The figure who had accompanied Rose pulled a torch from the wall and lit it.
Cass could see now that the man wasn’t Judas—it was Thomas.
Cass pressed herself deeper into the shadows, anxious to see how this would unfold.
Thomas lit several more torches and then joined Rose beside a stone stable off to the side of the room. The table was much like the one that Cass had seen in Judas’s lab—the table on which Thomas’s own body had lain.
There was also a body on this slab. And it, too, was draped in a white sheet.
From across the room, Cass couldn’t make out their conversation, but Thomas was clearly pointing and explaining something to Rose. Occasionally, Rose would interrupt and ask a question or make an observation. Thomas would nod his head in affirmation and then continue.
In the end, though, Thomas deferred to Rose and she was the one who pulled back the sheet draping the body.
Even from here, Cass could tell that the body on the slab was Amare, an enigma in death just as much as he was in life. Or, undead life, since that was the only way Cass had ever known him.
The shadows Cass had been relying on to hide her from view grew cold and heavy. She could feel their dark tendrils starting to reach for her and curl around her arms and legs.
“No,” Cass whispered, pulling at the grasping tentacles.
But for every vine she snapped off at the root, two more snaked around her. One coiled around her neck and began to squeeze.
Cass closed her eyes and fumbled for that familiar spark of fire behind her weak eye. What she needed now was light. She clenched her jaw and flexed every muscle in her slender body, directing all of her energy toward fanning that spark into a roaring fire.
The tendril around her neck squeezed tighter.

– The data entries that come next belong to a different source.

lemma mem_joins_iff:
  assumes "A \<subseteq> Pow U" "B \<subseteq> Pow W" "U \<inter> W = {}"
  shows "F \<in> joins A B \<longleftrightarrow> F \<subseteq> U \<union> W \<and> F \<inter> U \<in> A \<and> F \<inter> W \<in> B"
proof
  assume "F \<in> joins A B"
  then obtain X Y where "X \<in> A" "Y \<in> B" "F = X \<union> Y"
    by (auto simp: joins_def)
  moreover from this have "F \<inter> U = X" "F \<inter> W = Y"
    using assms by blast+
  ultimately show "F \<subseteq> U \<union> W \<and> F \<inter> U \<in> A \<and> F \<inter> W \<in> B"
    using assms by auto
next
  assume "F \<subseteq> U \<union> W \<and> F \<inter> U \<in> A \<and> F \<inter> W \<in> B"
  moreover have "F = F \<inter> U \<union> F \<inter> W" if "F \<subseteq> U \<union> W"
    using that by auto
  ultimately show "F \<in> joins A B"
    unfolding joins_def by (intro image_eqI[where x = "(F \<inter> U, F \<inter> W)"]) auto
qed

lemma inj_on_joins:
  assumes "A \<subseteq> Pow U" "B \<subseteq> Pow W" "U \<inter> W = {}"
  shows "inj_on (\<lambda>(X, Y). X \<union> Y) (A \<times> B)"
proof (rule inj_onI, clarsimp)
  fix X Y X' Y' assume mem: "X \<in> A" "Y \<in> B" "X' \<in> A" "Y' \<in> B" and eq: "X \<union> Y = X' \<union> Y'"
  have "X \<subseteq> U" "X' \<subseteq> U" "Y \<subseteq> W" "Y' \<subseteq> W"
    using mem assms(1,2) by auto
  then have "X = (X \<union> Y) \<inter> U" "X' = (X' \<union> Y') \<inter> U" "Y = (X \<union> Y) \<inter> W" "Y' = (X' \<union> Y') \<inter> W"
    using assms(3) by auto
  then show "X = X' \<and> Y = Y'"
    unfolding eq by simp
qed

lemma card_joins:
  assumes "A \<subseteq> Pow U" "B \<subseteq> Pow W" "U \<inter> W = {}"
  shows "card (joins A B) = card A * card B"
  unfolding joins_def by (simp add: card_image[OF inj_on_joins[OF assms]] card_cartesian_product)

lemma profile_joins:
  assumes A: "A \<subseteq> Pow U" and B: "B \<subseteq> Pow W"
    and fin: "finite U" "finite W" and disj: "U \<inter> W = {}"
  shows "profile (joins A B) = profile A \<otimes> profile B"
proof -
  have finAB: "finite A" "finite B"
    using finite_subset[OF A] finite_subset[OF B] fin by simp_all
  show ?thesis
  proof (cases "A = {} \<or> B = {}")
    case True
    then have "joins A B = {}" "snd (profile A) = 0 \<or> snd (profile B) = 0"
      by (auto simp: joins_def)
    then show ?thesis
      by (simp add: profile_times_def)
  next
    case False
    define a b where "a = profile A" and "b = profile B"
    obtain X Z where X: "X \<in> A" "card X = fst a" and Z: "Z \<in> B" "card Z = fst b"
      using finAB False profile_attained unfolding a_def b_def by meson
    have le: "\<And>Y. Y \<in> A \<Longrightarrow> card Y \<le> fst a" "\<And>Y. Y \<in> B \<Longrightarrow> card Y \<le> fst b"
      using finAB card_le_profile unfolding a_def b_def by blast+
    have pos: "snd a \<noteq> 0" "snd b \<noteq> 0"
      using finAB False profile_count_eq_0_iff unfolding a_def b_def by auto
    have count: "snd a = card {Y \<in> A. card Y = fst a}" "snd b = card {Y \<in> B. card Y = fst b}"
      using False profile_count unfolding a_def b_def by auto
    have card_Un: "card (Y \<union> Y') = card Y + card Y'" if "Y \<in> A" "Y' \<in> B" for Y Y'
    proof -
      have "Y \<subseteq> U" "Y' \<subseteq> W"
        using that A B by auto
      then show ?thesis
        using finite_subset fin disj by (intro card_Un_disjoint) blast+
    qed
    have maximal: "{F \<in> joins A B. card F = fst a + fst b}
        = joins {Y \<in> A. card Y = fst a} {Y \<in> B. card Y = fst b}"
    proof (intro equalityI subsetI)
      fix F assume "F \<in> {F \<in> joins A B. card F = fst a + fst b}"
      then obtain Y Y' where Y: "Y \<in> A" "Y' \<in> B" "F = Y \<union> Y'" "card Y + card Y' = fst a + fst b"
        by (auto simp: joins_def card_Un)
      moreover have "card Y = fst a" "card Y' = fst b"
        using le(1)[OF Y(1)] le(2)[OF Y(2)] Y(4) by linarith+
      ultimately show "F \<in> joins {Y \<in> A. card Y = fst a} {Y \<in> B. card Y = fst b}"
        by (auto simp: joins_def)
    next
      fix F assume "F \<in> joins {Y \<in> A. card Y = fst a} {Y \<in> B. card Y = fst b}"
      then show "F \<in> {F \<in> joins A B. card F = fst a + fst b}"
        by (auto simp: joins_def card_Un)
    qed
    have "profile (joins A B) = (fst a + fst b, card {F \<in> joins A B. card F = fst a + fst b})"
    proof (rule profile_eqI)
      show "X \<union> Z \<in> joins A B" "card (X \<union> Z) = fst a + fst b"
        using X Z by (auto simp: joins_def card_Un)
      show "card F \<le> fst a + fst b" if "F \<in> joins A B" for F
        using that le by (force simp: joins_def card_Un intro: add_mono)
    qed (simp add: joins_def finAB)
    also have "card {F \<in> joins A B. card F = fst a + fst b}
        = card {Y \<in> A. card Y = fst a} * card {Y \<in> B. card Y = fst b}"
      unfolding maximal by (rule card_joins) (use A B disj in auto)
    finally show ?thesis
      using pos count by (simp add: profile_times_def prod_eq_iff flip: a_def b_def)
  qed
qed

section \<open>Cutting a tree at an edge\<close>

definition diss_sets :: "'a set \<Rightarrow> ('a \<Rightarrow> 'a \<Rightarrow> bool) \<Rightarrow> 'a set set" where
  "diss_sets V E = {F. dissociation_set V E F}"

definition root_excluded :: "'a set \<Rightarrow> ('a \<Rightarrow> 'a \<Rightarrow> bool) \<Rightarrow> 'a \<Rightarrow> 'a set set" where
  "root_excluded V E r = {F \<in> diss_sets V E. r \<notin> F}"

definition root_isolated :: "'a set \<Rightarrow> ('a \<Rightarrow> 'a \<Rightarrow> bool) \<Rightarrow> 'a \<Rightarrow> 'a set set" where
  "root_isolated V E r = {F \<in> diss_sets V E. r \<in> F \<and> neighbours E r \<inter> F = {}}"

definition root_matched :: "'a set \<Rightarrow> ('a \<Rightarrow> 'a \<Rightarrow> bool) \<Rightarrow> 'a \<Rightarrow> 'a set set" where
  "root_matched V E r = {F \<in> diss_sets V E. r \<in> F \<and> neighbours E r \<inter> F \<noteq> {}}"

type_synonym profiles = "profile \<times> profile \<times> profile"

definition root_profiles :: "'a set \<Rightarrow> ('a \<Rightarrow> 'a \<Rightarrow> bool) \<Rightarrow> 'a \<Rightarrow> profiles" where
  "root_profiles V E r =
     (profile (root_excluded V E r), profile (root_isolated V E r), profile (root_matched V E r))"

fun total_profile :: "profiles \<Rightarrow> profile" where
  "total_profile (a0, a1, a2) = a0 \<oplus> a1 \<oplus> a2"

text \<open>
  The profiles of a tree cut at its root edge r b: if r \<notin> F the b-side is unconstrained; if r is
  isolated then b \<notin> F; if r is matched, either its partner lies on the r-side and b \<notin> F, or its
  partner is b, and then b is isolated on its own side.
\<close>

fun glue :: "profiles \<Rightarrow> profiles \<Rightarrow> profiles" where
  "glue (a0, a1, a2) (b0, b1, b2) = (a0 \<otimes> (b0 \<oplus> b1 \<oplus> b2), a1 \<otimes> b0, a2 \<otimes> b0 \<oplus> a1 \<otimes> b1)"

lemma diss_sets_subset_Pow: "diss_sets V E \<subseteq> Pow V"
  by (auto simp: diss_sets_def dissociation_set_def)

lemma root_families_subset_Pow:
  "root_excluded V E r \<subseteq> Pow V" "root_isolated V E r \<subseteq> Pow V" "root_matched V E r \<subseteq> Pow V"
  using diss_sets_subset_Pow by (auto simp: root_excluded_def root_isolated_def root_matched_def)

lemma finite_root_families:
  assumes "finite V"
  shows "finite (root_excluded V E r)" "finite (root_isolated V E r)" "finite (root_matched V E r)"
  using finite_subset[OF root_families_subset_Pow(1)] finite_subset[OF root_families_subset_Pow(2)]
    finite_subset[OF root_families_subset_Pow(3)] assms by simp_all

lemma profile_diss_sets_eq_total:
  assumes "finite V"
  shows "profile (diss_sets V E) = total_profile (root_profiles V E r)"
proof -
  have "diss_sets V E = (root_excluded V E r \<union> root_isolated V E r) \<union> root_matched V E r"
    by (auto simp: root_excluded_def root_isolated_def root_matched_def)
  also have "profile \<dots> = profile (root_excluded V E r) \<oplus> profile (root_isolated V E r)
      \<oplus> profile (root_matched V E r)"
  proof -
    have "root_excluded V E r \<inter> root_isolated V E r = {}"
      "(root_excluded V E r \<union> root_isolated V E r) \<inter> root_matched V E r = {}"
      by (auto simp: root_excluded_def root_isolated_def root_matched_def)
    with finite_root_families[OF assms] show ?thesis
      by (simp add: profile_Un_disjoint)
  qed
  finally show ?thesis
    by (simp add: root_profiles_def)
qed

definition restrict_graph :: "'a set \<Rightarrow> ('a \<Rightarrow> 'a \<Rightarrow> bool) \<Rightarrow> 'a \<Rightarrow> 'a \<Rightarrow> bool" where
  "restrict_graph U E u v \<longleftrightarrow> E u v \<and> u \<in> U \<and> v \<in> U"

lemma neighbours_restrict_graph: "u \<in> U \<Longrightarrow> neighbours (restrict_graph U E) u = neighbours E u \<inter> U"
  by (auto simp: neighbours_def restrict_graph_def)

lemma neighbours_restrict_graph_subset: "neighbours (restrict_graph U E) u \<subseteq> U"
  by (auto simp: neighbours_def restrict_graph_def)

lemma finite_neighbours: "simple_graph V E \<Longrightarrow> finite (neighbours E u)"
  by (rule finite_subset[of _ V]) (auto simp: simple_graph_def neighbours_def)

lemma simple_graph_restrict: "simple_graph V E \<Longrightarrow> U \<subseteq> V \<Longrightarrow> simple_graph U (restrict_graph U E)"
  by (auto simp: simple_graph_def restrict_graph_def intro: finite_subset)

lemma acyclic_graph_restrict: "acyclic_graph E \<Longrightarrow> acyclic_graph (restrict_graph U E)"
  by (auto simp: acyclic_graph_def is_cycle_def restrict_graph_def)

lemma degree_restrict_le:
  "simple_graph V E \<Longrightarrow> u \<in> U \<Longrightarrow> degree (restrict_graph U E) u \<le> degree E u"
  unfolding degree_def by (simp add: neighbours_restrict_graph card_mono finite_neighbours)

locale edge_cut =
  fixes V :: "'a set" and E :: "'a \<Rightarrow> 'a \<Rightarrow> bool" and r b :: 'a and V1 V2 :: "'a set"
  assumes simple: "simple_graph V E"
    and cover: "V1 \<union> V2 = V" and disjoint: "V1 \<inter> V2 = {}"
    and r_in: "r \<in> V1" and b_in: "b \<in> V2" and edge: "E r b"
    and crossing: "\<And>u w. u \<in> V1 \<Longrightarrow> w \<in> V2 \<Longrightarrow> E u w \<Longrightarrow> u = r \<and> w = b"
begin

abbreviation "E1 \<equiv> restrict_graph V1 E"
abbreviation "E2 \<equiv> restrict_graph V2 E"

lemma sym: "E u v \<Longrightarrow> E v u"
  using simple by (simp add: simple_graph_def)

lemma edge_in: "E u v \<Longrightarrow> u \<in> V \<and> v \<in> V"
  using simple by (simp add: simple_graph_def)

lemma swap: "edge_cut V E b r V2 V1"
proof
  show "E b r"
    using edge by (rule sym)
  show "u = b \<and> w = r" if "u \<in> V2" "w \<in> V1" "E u w" for u w
    using crossing[OF that(2,1) sym[OF that(3)]] by simp
qed (use simple cover disjoint r_in b_in in auto)

lemma neighbours_Int_left:
  assumes "v \<in> V1"
  shows "neighbours E v \<inter> F = neighbours E1 v \<inter> F \<union> (if v = r \<and> b \<in> F then {b} else {})"
proof -
  have "w \<in> V1" if "E v w" "\<not> (v = r \<and> w = b)" for w
    using that crossing[OF assms] edge_in[OF that(1)] cover by blast
  then show ?thesis
    using assms edge r_in by (auto simp: neighbours_def restrict_graph_def)
qed

lemma card_neighbours_Int_left:
  assumes "v \<in> V1"
  shows "card (neighbours E v \<inter> F) = card (neighbours E1 v \<inter> F) + of_bool (v = r \<and> b \<in> F)"
proof -
  have notin: "b \<notin> neighbours E1 v \<inter> F"
    using neighbours_restrict_graph_subset[of V1 E v] b_in disjoint by auto
  have fin: "finite (neighbours E1 v \<inter> F)"
    using finite_neighbours[OF simple, of v] by (simp add: neighbours_restrict_graph[OF assms])
  show ?thesis
  proof (cases "v = r \<and> b \<in> F")
    case True
    then have "neighbours E v \<inter> F = insert b (neighbours E1 v \<inter> F)"
      using neighbours_Int_left[OF assms] by simp
    then show ?thesis
      using True card_insert_disjoint[OF fin notin] by simp
  next
    case False
    then show ?thesis
      unfolding neighbours_Int_left[OF assms, of F] by (simp only: if_False of_bool_eq(1)) simp
  qed
qed

lemma neighbours_restrict_Int:
  "neighbours E1 v \<inter> (F \<inter> V1) = neighbours E1 v \<inter> F"
  "neighbours E2 v \<inter> (F \<inter> V2) = neighbours E2 v \<inter> F"
  using neighbours_restrict_graph_subset[of V1 E v] neighbours_restrict_graph_subset[of V2 E v]
  by auto

lemma dissociation_left_iff:
  "(\<forall>v \<in> F \<inter> V1. card (neighbours E v \<inter> F) \<le> 1) \<longleftrightarrow>
     (\<forall>v \<in> F \<inter> V1. card (neighbours E1 v \<inter> F) \<le> 1) \<and> (r \<in> F \<and> b \<in> F \<longrightarrow> neighbours E1 r \<inter> F = {})"
proof -
  have fin: "finite (neighbours E1 r \<inter> F)"
    using finite_neighbours[OF simple, of r] by (simp add: neighbours_restrict_graph[OF r_in])
  have "card (neighbours E v \<inter> F) \<le> 1 \<longleftrightarrow>
      card (neighbours E1 v \<inter> F) \<le> 1 \<and> (v = r \<and> b \<in> F \<longrightarrow> neighbours E1 r \<inter> F = {})"
    if "v \<in> V1" for v
    using card_neighbours_Int_left[OF that, of F] fin by (cases "v = r \<and> b \<in> F") auto
  then show ?thesis
    using r_in by blast
qed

She couldn’t take much more of that.
When Cass finally opened her eyes they shone like searchlights and her body smoked with a white light that burst through the shadows, burning them into floating embers, and freed her from their grip.
Cass fell to her knees, smoldering with light.
Nice work, Jones. You’ve still got something left in you. You’re not washed up just yet.
This light show, however, had also attracted the attention of everyone else in the room.
Rose threw back her hood and met Cass’s eyes.
But when Cass returned the look, she found that she was now looking into her own face.
She was the hooded figure.
The figure pinned Cass in place with her gaze.
“Don’t run,” she said with gentle urgency. “Don’t run. Trust him or you will never be healed.”
Then the ground shook beneath them. The torches blew out. Time flickered. And the vision crumbled again into a rolling field of distant white noise.
Cass sat bolt upright in her seat in the car. Her heart was pounding.
The car had come to stop.
Her mother’s words—her own words?—echoed in her head.
Don’t run. Trust him.
They had arrived in Corinth.
21
RICHARD HAD BEEN walking for days.
It wasn’t helping.
He was still unable to concentrate on anything real, anything substantial, beyond Cass, and Maya knew it. Oh, he would still check in with her, showing up to a meeting here, answering an email there, but before the hour was up, he’d find himself back out on the street, walking.
His path traced back and forth through the same unending blocks, as if he were pacing the length of the city itself.
If he walked enough, would he wear away the uncertainties that filled his mind? Thomas appeared to be taking Cass down through Greece. Red was guessing Corinth. Richard recalled the aqua green waters of the Mediterranean cutting through the Corinth Canal, the bright Aegean sun illuminating the remaining columns of the Temple of Apollo, and worn, rocky mountains rounding the region.